▶ _The task_: Of all the lines in these entries, count those that contain "elementwise" and give only the total.

- Opening Delimiter -

(* Let $p\in[1,\infty]$, $W^{(1)}\in\mathbb{R}^{n_1\times n_0}$, $W^{(2)}\in\mathbb{R}^{n_2\times n_1}$, and let $\alpha,\beta\in\mathbb{R}^{n_1}$ satisfy $0\le\alpha_i\le\beta_i<\infty$ for all $i$. For $d\in\mathbb{R}^{n_1}_+$ define $$L(d)=\|W^{(2)}\|_p\,\big\|\mathrm{diag}\big(\max(|\beta-d|,|d-\alpha|)\big)W^{(1)}\big\|_p+\|W^{(2)}\mathrm{diag}(d)W^{(1)}\|_p,$$ with $\max$ and $|\cdot|$ taken elementwise. Then $L(\beta/2)\le L(0)$.
   Context: $\|A\|_p=\sup_{\|x\|_p\le1}\|Ax\|_p$ denotes the induced operator norm of a matrix $A$. (In the paper, $L(d)$ is a Lipschitz constant of the two-layer network $x\mapsto W^{(2)}\sigma(W^{(1)}x)$ whose activations $\sigma_i$ are slope-restricted in $[\alpha_i,\beta_i]$, and $L(0)=\|W^{(2)}\|_p\|\mathrm{diag}(\beta)W^{(1)}\|_p$ is the naive bound.) *)

theory Defs
  imports "HOL-Analysis.Analysis"
begin

definition vpnorm :: "ereal \<Rightarrow> real^'n \<Rightarrow> real" where
  "vpnorm p x = (if p = \<infinity> then Max (range (\<lambda>i. \<bar>x $ i\<bar>))
     else (\<Sum>i\<in>UNIV. \<bar>x $ i\<bar> powr real_of_ereal p) powr (1 / real_of_ereal p))"

definition oppnorm :: "ereal \<Rightarrow> real^'n^'m \<Rightarrow> real" where
  "oppnorm p A = Sup ((\<lambda>x. vpnorm p (A *v x)) ` {x. vpnorm p x \<le> 1})"

definition diagm :: "real^'n \<Rightarrow> real^'n^'n" where
  "diagm v = (\<chi> i j. if i = j then v $ i else 0)"

definition Lbound :: "ereal \<Rightarrow> real^'n0^'n1 \<Rightarrow> real^'n1^'n2 \<Rightarrow> real^'n1 \<Rightarrow> real^'n1
     \<Rightarrow> real^'n1 \<Rightarrow> real" where
  "Lbound p W1 W2 \<alpha> \<beta> d =
     oppnorm p W2 * oppnorm p (diagm (\<chi> i. max \<bar>\<beta> $ i - d $ i\<bar> \<bar>d $ i - \<alpha> $ i\<bar>) ** W1)
     + oppnorm p (W2 ** diagm d ** W1)"

end

theory Submission
  imports Defs
begin

text \<open>At \<open>d = \<beta>/2\<close> the hypothesis \<open>0 \<le> \<alpha> \<le> \<beta>\<close> makes the elementwise radius
  \<open>max(|\<beta> - d|, |d - \<alpha>|)\<close> equal to \<open>\<beta>/2\<close>.  By homogeneity and submultiplicativity of the
  induced norm, each of the two terms of \<open>L(\<beta>/2)\<close> is then at most
  \<open>\<parallel>W\<^sub>2\<parallel> \<parallel>diag(\<beta>) W\<^sub>1\<parallel> / 2\<close>, while \<open>L(0)\<close> is at least \<open>\<parallel>W\<^sub>2\<parallel> \<parallel>diag(\<beta>) W\<^sub>1\<parallel>\<close>.\<close>

lemma real_of_ereal_ge_1: "1 \<le> p \<Longrightarrow> p \<noteq> \<infinity> \<Longrightarrow> 1 \<le> real_of_ereal p"
  by (cases p) auto

lemma abs_le_vpnorm:
  fixes x :: "real^'n"
  assumes "1 \<le> p"
  shows "\<bar>x $ i\<bar> \<le> vpnorm p x"
proof (cases "p = \<infinity>")
  case True
  then show ?thesis by (simp add: vpnorm_def)
next
  case False
  define q where "q = real_of_ereal p"
  have q: "1 \<le> q" using real_of_ereal_ge_1[OF assms False] by (simp add: q_def)
  have "\<bar>x $ i\<bar> = (\<bar>x $ i\<bar> powr q) powr (1/q)"
    using q by (simp add: powr_powr)
  also have "\<dots> \<le> (\<Sum>j\<in>UNIV. \<bar>x $ j\<bar> powr q) powr (1/q)"
    using q by (intro powr_mono2) (auto intro: member_le_sum)
  finally show ?thesis using False by (simp add: vpnorm_def q_def)
qed

lemma vpnorm_nonneg: "1 \<le> p \<Longrightarrow> 0 \<le> vpnorm p (x :: real^'n)"
  using abs_le_vpnorm abs_ge_zero order_trans by blast

lemma vpnorm_mono:
  fixes x y :: "real^'n"
  assumes "1 \<le> p" and le: "\<And>i. \<bar>x $ i\<bar> \<le> \<bar>y $ i\<bar>"
  shows "vpnorm p x \<le> vpnorm p y"
proof (cases "p = \<infinity>")
  case True
  have "\<bar>x $ i\<bar> \<le> Max (range (\<lambda>i. \<bar>y $ i\<bar>))" for i
    using le[of i] by (meson Max_ge finite finite_imageI order_trans rangeI)
  then show ?thesis using True by (simp add: vpnorm_def)
next
  case False
  define q where "q = real_of_ereal p"
  have q: "1 \<le> q" using real_of_ereal_ge_1[OF assms(1) False] by (simp add: q_def)
  have "(\<Sum>i\<in>UNIV. \<bar>x $ i\<bar> powr q) \<le> (\<Sum>i\<in>UNIV. \<bar>y $ i\<bar> powr q)"
    using q le by (intro sum_mono powr_mono2) auto
  then have "(\<Sum>i\<in>UNIV. \<bar>x $ i\<bar> powr q) powr (1/q) \<le> (\<Sum>i\<in>UNIV. \<bar>y $ i\<bar> powr q) powr (1/q)"
    using q by (intro powr_mono2) (auto simp: sum_nonneg)
  then show ?thesis using False by (simp add: vpnorm_def q_def)
qed

lemma vpnorm_scaleR:
  fixes x :: "real^'n"
  assumes "1 \<le> p"
  shows "vpnorm p (c *\<^sub>R x) = \<bar>c\<bar> * vpnorm p x"
proof (cases "p = \<infinity>")
  case True
  have "Max (range (\<lambda>i. \<bar>(c *\<^sub>R x) $ i\<bar>)) = Max ((\<lambda>t. \<bar>c\<bar> * t) ` range (\<lambda>i. \<bar>x $ i\<bar>))"
    by (simp add: image_image abs_mult)
  also have "\<dots> = \<bar>c\<bar> * Max (range (\<lambda>i. \<bar>x $ i\<bar>))"
    by (rule mono_Max_commute[symmetric]) (auto simp: mono_def mult_left_mono)
  finally show ?thesis using True by (simp add: vpnorm_def)
next
  case False
  define q where "q = real_of_ereal p"
  have q: "1 \<le> q" using real_of_ereal_ge_1[OF assms False] by (simp add: q_def)
  have "(\<Sum>j\<in>UNIV. \<bar>(c *\<^sub>R x) $ j\<bar> powr q) powr (1/q)
      = (\<bar>c\<bar> powr q) powr (1/q) * (\<Sum>j\<in>UNIV. \<bar>x $ j\<bar> powr q) powr (1/q)"
    by (simp add: abs_mult powr_mult sum_distrib_left[symmetric] sum_nonneg)
  also have "(\<bar>c\<bar> powr q) powr (1/q) = \<bar>c\<bar>"
    using q by (simp add: powr_powr)
  finally show ?thesis using False by (simp add: vpnorm_def q_def)
qed

lemma vpnorm_zero: "1 \<le> p \<Longrightarrow> vpnorm p (0 :: real^'n) = 0"
  using vpnorm_scaleR[of p 0 0] by simp

lemma vpnorm_eq_0_iff:
  fixes x :: "real^'n"
  assumes "1 \<le> p"
  shows "vpnorm p x = 0 \<longleftrightarrow> x = 0"
proof
  assume "vpnorm p x = 0"
  then show "x = 0"
    using abs_le_vpnorm[OF assms, of x] by (simp add: vec_eq_iff)
qed (simp add: vpnorm_zero[OF assms])

lemma abs_matrix_vector_mult_le:
  fixes A :: "real^'n^'m" and x :: "real^'n"
  assumes "\<And>j. \<bar>x $ j\<bar> \<le> 1"
  shows "\<bar>(A *v x) $ i\<bar> \<le> (\<Sum>j\<in>UNIV. \<bar>A $ i $ j\<bar>)"
proof -
  have "\<bar>(A *v x) $ i\<bar> \<le> (\<Sum>j\<in>UNIV. \<bar>A $ i $ j\<bar> * \<bar>x $ j\<bar>)"
    by (simp add: matrix_vector_mult_def sum_abs flip: abs_mult)
  also have "\<dots> \<le> (\<Sum>j\<in>UNIV. \<bar>A $ i $ j\<bar>)"
    using assms by (intro sum_mono) (simp add: mult_left_le)
  finally show ?thesis .
qed

lemma bdd_above_oppnorm_set:
  fixes A :: "real^'n^'m"
  assumes "1 \<le> p"
  shows "bdd_above ((\<lambda>x. vpnorm p (A *v x)) ` {x. vpnorm p x \<le> 1})"
proof (rule bdd_aboveI2)
  fix x :: "real^'n"
  assume "x \<in> {x. vpnorm p x \<le> 1}"
  then have "\<bar>x $ j\<bar> \<le> 1" for j
    using abs_le_vpnorm[OF assms, of x j] by simp
  then show "vpnorm p (A *v x) \<le> vpnorm p (\<chi> i. \<Sum>j\<in>UNIV. \<bar>A $ i $ j\<bar>)"
    using abs_matrix_vector_mult_le by (intro vpnorm_mono[OF assms]) force
qed

lemma vpnorm_le_oppnorm:
  fixes A :: "real^'n^'m"
  assumes "1 \<le> p" "vpnorm p x \<le> 1"
  shows "vpnorm p (A *v x) \<le> oppnorm p A"
  unfolding oppnorm_def
  using assms(2) by (intro cSup_upper bdd_above_oppnorm_set[OF assms(1)]) blast

lemma oppnorm_le:
  fixes A :: "real^'n^'m"
  assumes "1 \<le> p" "\<And>x. vpnorm p x \<le> 1 \<Longrightarrow> vpnorm p (A *v x) \<le> C"
  shows "oppnorm p A \<le> C"
proof -
  have "0 \<in> {x::real^'n. vpnorm p x \<le> 1}"
    by (simp add: vpnorm_zero[OF assms(1)])
  then show ?thesis
    unfolding oppnorm_def using assms(2) by (intro cSup_least) auto
qed

lemma oppnorm_nonneg:
  fixes A :: "real^'n^'m"
  assumes "1 \<le> p"
  shows "0 \<le> oppnorm p A"
  using vpnorm_le_oppnorm[OF assms, of 0 A] vpnorm_nonneg[OF assms, of "A *v 0"]
  by (simp add: vpnorm_zero[OF assms])

lemma vpnorm_matrix_vector_mult_le:
  fixes A :: "real^'n^'m"
  assumes "1 \<le> p"
  shows "vpnorm p (A *v y) \<le> oppnorm p A * vpnorm p y"
proof (cases "y = 0")
  case True
  then show ?thesis by (simp add: vpnorm_zero[OF assms])
next
  case False
  define t where "t = vpnorm p y"
  have t: "0 < t"
    using False vpnorm_eq_0_iff[OF assms, of y] vpnorm_nonneg[OF assms, of y]
    by (simp add: t_def)
  have "vpnorm p ((1/t) *\<^sub>R y) = 1"
    using t by (simp add: vpnorm_scaleR[OF assms] t_def)
  then have "vpnorm p (A *v ((1/t) *\<^sub>R y)) \<le> oppnorm p A"
    by (intro vpnorm_le_oppnorm[OF assms]) simp
  then have "vpnorm p (A *v y) / t \<le> oppnorm p A"
    using t by (simp add: vpnorm_scaleR[OF assms] matrix_vector_mult_scaleR)
  then show ?thesis
    using t by (simp add: t_def field_simps)
qed

lemma oppnorm_matrix_mul_le:
  fixes A :: "real^'n^'m" and B :: "real^'k^'n"
  assumes "1 \<le> p"
  shows "oppnorm p (A ** B) \<le> oppnorm p A * oppnorm p B"
proof (rule oppnorm_le[OF assms])
  fix x :: "real^'k"
  assume x: "vpnorm p x \<le> 1"
  have "vpnorm p ((A ** B) *v x) = vpnorm p (A *v (B *v x))"
    by (simp add: matrix_vector_mul_assoc)
  also have "\<dots> \<le> oppnorm p A * vpnorm p (B *v x)"
    by (rule vpnorm_matrix_vector_mult_le[OF assms])
  also have "\<dots> \<le> oppnorm p A * oppnorm p B"
    by (intro mult_left_mono vpnorm_le_oppnorm[OF assms x] oppnorm_nonneg[OF assms])
  finally show "vpnorm p ((A ** B) *v x) \<le> oppnorm p A * oppnorm p B" .
qed

lemma oppnorm_scaleR_le:
  fixes A :: "real^'n^'m"
  assumes "1 \<le> p"
  shows "oppnorm p (c *\<^sub>R A) \<le> \<bar>c\<bar> * oppnorm p A"
proof (rule oppnorm_le[OF assms])
  fix x :: "real^'n"
  assume "vpnorm p x \<le> 1"
  then show "vpnorm p ((c *\<^sub>R A) *v x) \<le> \<bar>c\<bar> * oppnorm p A"
    by (simp add: scaleR_matrix_vector_assoc[symmetric] vpnorm_scaleR[OF assms]
        mult_left_mono vpnorm_le_oppnorm[OF assms])
qed

lemma diagm_scaleR: "diagm (c *\<^sub>R v) = c *\<^sub>R diagm v"
  by (simp add: vec_eq_iff diagm_def)

lemma max_abs_half_radius:
  fixes a b :: real
  assumes "0 \<le> a" "a \<le> b"
  shows "max \<bar>b - b/2\<bar> \<bar>b/2 - a\<bar> = b/2"
  using assms by (auto simp: max_def abs_if)

theorem theorem1:
  fixes p :: ereal
    and W1 :: "real^'n0^'n1" and W2 :: "real^'n1^'n2"
    and \<alpha> \<beta> :: "real^'n1"
  assumes "1 \<le> p"
    and "\<And>i. 0 \<le> \<alpha> $ i" and "\<And>i. \<alpha> $ i \<le> \<beta> $ i"
  shows "Lbound p W1 W2 \<alpha> \<beta> ((1/2) *\<^sub>R \<beta>) \<le> Lbound p W1 W2 \<alpha> \<beta> 0"
proof -
  define B where "B = diagm \<beta> ** W1"
  have radius_half: "(\<chi> i. max \<bar>\<beta> $ i - ((1/2) *\<^sub>R \<beta>) $ i\<bar> \<bar>((1/2) *\<^sub>R \<beta>) $ i - \<alpha> $ i\<bar>)
      = (1/2::real) *\<^sub>R \<beta>"
    using max_abs_half_radius[OF assms(2,3)] by (simp add: vec_eq_iff)
  have radius_0: "(\<chi> i. max \<bar>\<beta> $ i - (0::real^'n1) $ i\<bar> \<bar>(0::real^'n1) $ i - \<alpha> $ i\<bar>) = \<beta>"
  proof -
    have "max \<bar>\<beta> $ i\<bar> \<bar>\<alpha> $ i\<bar> = \<beta> $ i" for i
      using assms(2,3)[of i] by simp
    then show ?thesis by (simp add: vec_eq_iff)
  qed
  have half_B: "oppnorm p ((1/2::real) *\<^sub>R B) \<le> oppnorm p B / 2"
    using oppnorm_scaleR_le[OF assms(1), of "1/2" B] by simp
  have "Lbound p W1 W2 \<alpha> \<beta> ((1/2) *\<^sub>R \<beta>)
      = oppnorm p W2 * oppnorm p ((1/2::real) *\<^sub>R B) + oppnorm p (W2 ** ((1/2::real) *\<^sub>R B))"
    unfolding Lbound_def radius_half
    by (simp add: diagm_scaleR B_def scalar_matrix_assoc matrix_mul_assoc)
  also have "\<dots> \<le> 2 * (oppnorm p W2 * oppnorm p ((1/2::real) *\<^sub>R B))"
    using oppnorm_matrix_mul_le[OF assms(1), of W2] by simp
  also have "\<dots> \<le> oppnorm p W2 * oppnorm p B"
    using mult_left_mono[OF half_B oppnorm_nonneg[OF assms(1), of W2]] by simp
  also have "\<dots> \<le> Lbound p W1 W2 \<alpha> \<beta> 0"
    unfolding Lbound_def radius_0 B_def by (simp add: oppnorm_nonneg[OF assms(1)])
  finally show ?thesis .
qed

end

- Closing Delimiter -

▶ _Task solution_: 2